We achieved 4x LLM performance using prefix caching backed by SSD-augmented KVCache

This is a joint technical benchmark between the GMI Cloud and Tensormesh engineering teams.

Key Results and Impact

Q: What performance improvements were achieved in the GMI Cloud and Tensormesh benchmark?

The benchmark showed a 4× reduction in Time to First Token (TTFT) when prefix caching was supported by an SSD-augmented KV cache. It also significantly reduced latency variance, increased effective throughput, and lowered redundant GPU computation for real-world conversational AI workloads.

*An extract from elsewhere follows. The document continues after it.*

(* Suppose that on every level $\ell=1,\dots,L-1$ the flux coarse degrees of freedom are the averages over every face. Fix a level $\ell$ and $r^\ell\in (U^\ell)'$, and let $(u^\ell,p^\ell)\in(U^\ell,Q^\ell)$ be the output of the Multilevel BDDC preconditioner applied to $(r^\ell,0)$. Then $u^\ell$ is divergence-free in the sense that $b(u^\ell,q)=0$ for all $q\in Q^\ell$.
   Context: Setting. $\Omega\subset\mathbb R^2$ is a bounded polygonal domain, $k$ is a coefficient that is constant, $k_i>0$, on each top-level subdomain (more generally a symmetric uniformly positive definite matrix), and for flux fields $u,v$ and scalar $q$ we set $a(u,v)=\int k^{-1}u\cdot v\,dx$, $b(u,q)=-\int(\nabla\cdot u)\,q\,dx$, where for functions that may be discontinuous across subdomain boundaries the integrals are taken piecewise over the subdomains (and the $a$-norm $\|v\|_a=\sqrt{a(v,v)}$ likewise). Level 0: a triangulation of $\Omega$ into (quadrilateral) elements of size $h=H^0$; $U$ is the lowest-order Raviart–Thomas (RT0) space with zero normal component on $\partial\Omega$ and $Q$ the piecewise constants with zero mean on $\Omega$. For levels $\ell=1,\dots,L-1$ there are nested nonoverlapping decompositions of $\Omega$ into level-$\ell$ substructures $\Omega^\ell_i$, $i=1,\dots,N^\ell$, each a union of level-$(\ell-1)$ substructures (level-0 substructures are the elements), forming a conforming quasi-uniform triangulation with characteristic size $H^\ell$. A level-$\ell$ face is the intersection of the boundaries of two adjacent level-$\ell$ substructures; $\Gamma^\ell$ is the set of level-$\ell$ degrees of freedom shared by two level-$\ell$ substructures. Level-1 degrees of freedom are the RT0 flux degrees of freedom; level-$\ell$ degrees of freedom ($\ell\ge2$) are the level-$(\ell-1)$ flux coarse degrees of freedom. Pressure spaces: $Q^1=Q$, $Q^\ell=Q^\ell_0\oplus Q^\ell_I$, where $Q^\ell_0$ consists of functions constant on each $\Omega^\ell_i$ with zero mean on $\Omega$, $Q^\ell_I=Q^\ell_1\times\dots\times Q^\ell_{N^\ell}$ with $Q^\ell_i$ the functions of $Q^\ell$ supported in $\Omega^\ell_i$ with zero mean on $\Omega^\ell_i$; $Q^{\ell+1}=Q^\ell_0$. Flux spaces: $U^1=U$; $W^\ell=W^\ell_1\times\dots\times W^\ell_{N^\ell}$, where $W^\ell_i$ is the space of flux functions on $\Omega^\ell_i$ (spanned by level-$\ell$ shape functions) with all degrees of freedom on $\partial\Omega^\ell_i\cap\partial\Omega$ zero; $U^\ell\subset W^\ell$ is the subspace of functions continuous across $\Gamma^\ell$; $U^\ell_I\subset U^\ell$ the functions whose degrees of freedom on $\Gamma^\ell$ vanish. $P^\ell$ maps $w\in W^\ell$ to $(u_I,p_I)\in(U^\ell_I,Q^\ell_I)$ solving $a(u_I,v_I)+b(v_I,p_I)=a(w,v_I)$ for all $v_I\in U^\ell_I$ and $b(u_I,q_I)=b(w,q_I)$ for all $q_I\in Q^\ell_I$; we write $(I-P^\ell)w:=w-u_I$, and $w$ is called Stokes harmonic (on level $\ell$) if $u_I=0$. The flux coarse degrees of freedom on level $\ell$ are averages of level-$\ell$ flux degrees of freedom over faces. $\widetilde W^\ell\subset W^\ell$: functions whose flux coarse degrees of freedom have a common value on each face shared by two adjacent level-$\ell$ substructures and vanish on $\partial\Omega$; $\widetilde W^\ell_\Delta\subset W^\ell$: functions all of whose flux coarse degrees of freedom vanish; $\widetilde W^\ell_\Pi\subset\widetilde W^\ell$: Stokes harmonic functions in $\widetilde W^\ell$ (uniquely determined by their coarse degrees of freedom), so $\widetilde W^\ell=\widetilde W^\ell_\Delta\oplus\widetilde W^\ell_\Pi$; $U^{\ell+1}=\widetilde W^\ell_\Pi$. $E^\ell:\widetilde W^\ell\to U^\ell$ is the projection averaging the values of each interface degree of freedom $x\in\partial\Omega^\ell_i\cap\partial\Omega^\ell_j$ with weights $e_i(x)=k_i^{-\gamma}/(k_i^{-\gamma}+k_j^{-\gamma})$ for a fixed $\gamma\ge0$ (weight 1 for interior degrees of freedom). Multilevel BDDC preconditioner $(r^\ell,0)\mapsto(u^\ell,p^\ell)$. Downward sweep, for $k=\ell,\dots,L-1$: (i) find $(u^k_I,p^k_I)\in(U^k_I,Q^k_I)$ with $a(u^k_I,v_I)+b(v_I,p^k_I)=\langle r^k,v_I\rangle$ for all $v_I\in U^k_I$ and $b(u^k_I,q_I)=0$ for all $q_I\in Q^k_I$; (ii) set $\langle r^k_B,v\rangle=\langle r^k,v\rangle-a(u^k_I,v)-b(v,p^k_I)$ for $v\in U^k$; (iii) find $(w^k_\Delta,p^k_{I\Delta})\in(\widetilde W^k_\Delta,Q^k_I)$ with $a(w^k_\Delta,z)+b(z,p^k_{I\Delta})=\langle r^k_B,E^kz\rangle$ for all $z\in\widetilde W^k_\Delta$ and $b(w^k_\Delta,q_I)=0$ for all $q_I\in Q^k_I$; (iv) the coarse problem is: find $(w^k_\Pi,p^k_0)\in(\widetilde W^k_\Pi,Q^k_0)$ with $a(w^k_\Pi,z)+b(z,p^k_0)=\langle r^k_B,E^kz\rangle$ for all $z\in\widetilde W^k_\Pi$ and $b(w^k_\Pi,q_0)=0$ for all $q_0\in Q^k_0$; if $k=L-1$ solve it exactly and set $u^L=w^{L-1}_\Pi$, $p^L=p^{L-1}_0$; otherwise define $r^{k+1}\in(U^{k+1})'$ by $\langle r^{k+1},v\rangle=\langle r^k_B,E^kv\rangle$ and continue. Upward sweep, for $k=L-1,\dots,\ell$: set $u^k_B=E^k(w^k_\Delta+u^{k+1})$ and $p^k_0=p^{k+1}$; find $(v^k_I,q^k_I)\in(U^k_I,Q^k_I)$ with $a(v^k_I,z_I)+b(z_I,q^k_I)=a(u^k_B,z_I)$ for all $z_I\in U^k_I$ and $b(v^k_I,\bar q_I)=b(u^k_B,\bar q_I)$ for all $\bar q_I\in Q^k_I$; set $u^k=u^k_I+u^k_B-v^k_I$, $p^k=p^k_I+p^k_0-q^k_I$. *)

theory Defs
  imports Complex_Main
begin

Q: Why is prefix caching especially effective for real conversational AI workloads?

The benchmark demonstrated that real multi-turn conversations contain substantial reusable computation. With SSD-backed KV caching, the prefix cache hit rate increased from approximately 3% to over 50%, showing that conversational history and long context windows can be reused efficiently instead of recomputed.

Q: What role did SSD-augmented KV cache play compared to RAM-only caching?

RAM-only KV caching delivered limited gains, achieving roughly a 1.4× improvement in TTFT due to frequent eviction from small cache sizes. By adding SSDs, the cache footprint expanded significantly, enabling sustained prefix reuse and unlocking the full 4× TTFT improvement with more stable and predictable latency.

Q: How was the benchmark designed to reflect real production traffic?

GMI Cloud created a realistic synthetic dataset based on observed prompt patterns rather than using customer data. The workload included multi-turn conversations, non-sequential request arrival, varied linguistic styles, and a mix of short and long prompts to closely simulate real-world inference traffic.

Q: What are the practical implications for developers and AI platforms?

The results highlight that large KV cache footprints are critical for scalable LLM serving. SSD-backed prefix caching improves compute efficiency, increases cluster throughput, stabilizes latency for agentic and companion applications, and can be integrated into existing vLLM-based stacks with minimal engineering effort.

4x reduction in Time to First Token (TTFT) when prefix caching is backed by SSD-augmented KVCache.
Prefix cache hit rate increased from 3% to over 50%, demonstrating that real conversational workloads contain substantial reusable computation.
Significant smoothing of latency variance, particularly on long prompts, improving user-facing responsiveness for multi-turn agents and AI companions.
Reduction in redundant KV recomputation, lowering GPU cycles per request and enabling higher effective throughput on the same hardware.

These outcomes indicate that scalable KV cache optimization is a practical and high-impact optimization for real-world LLM serving, especially for AI companion, tutoring, or agentic workloads where conversational histories and context windows accumulate rapidly.

How We Arrived Here: Methodology and Technical Details

1. Dataset Construction for Realistic Multi-Turn Traffic

Due to the critical importance of customer data privacy, real production data was strictly off-limits. GMI's solution was to analyze customer prompt characteristics to produce a highly realistic synthetic dataset that faithfully replicated the traffic patterns observed on our live inferencing service.

It included:

Multi-Turn Conversations: A dataset specifically designed to reflect AI companion scenarios, with dialogs ranging from 1 to 10+ turns.
Real-World Interleaving Traffic: Requests from the same conversation were not forced to arrive sequentially, accurately simulating the unpredictable, non-sequential arrival order of real-world user traffic.
Realistic Linguistic Diversity: The prompts exhibited diverse emotional tones, casual chat, personal questions, follow-ups, and corrections.
Load Testing Design: The test mixed short, contextual queries with longer prompts that included extensive history, providing a true measure of performance under load.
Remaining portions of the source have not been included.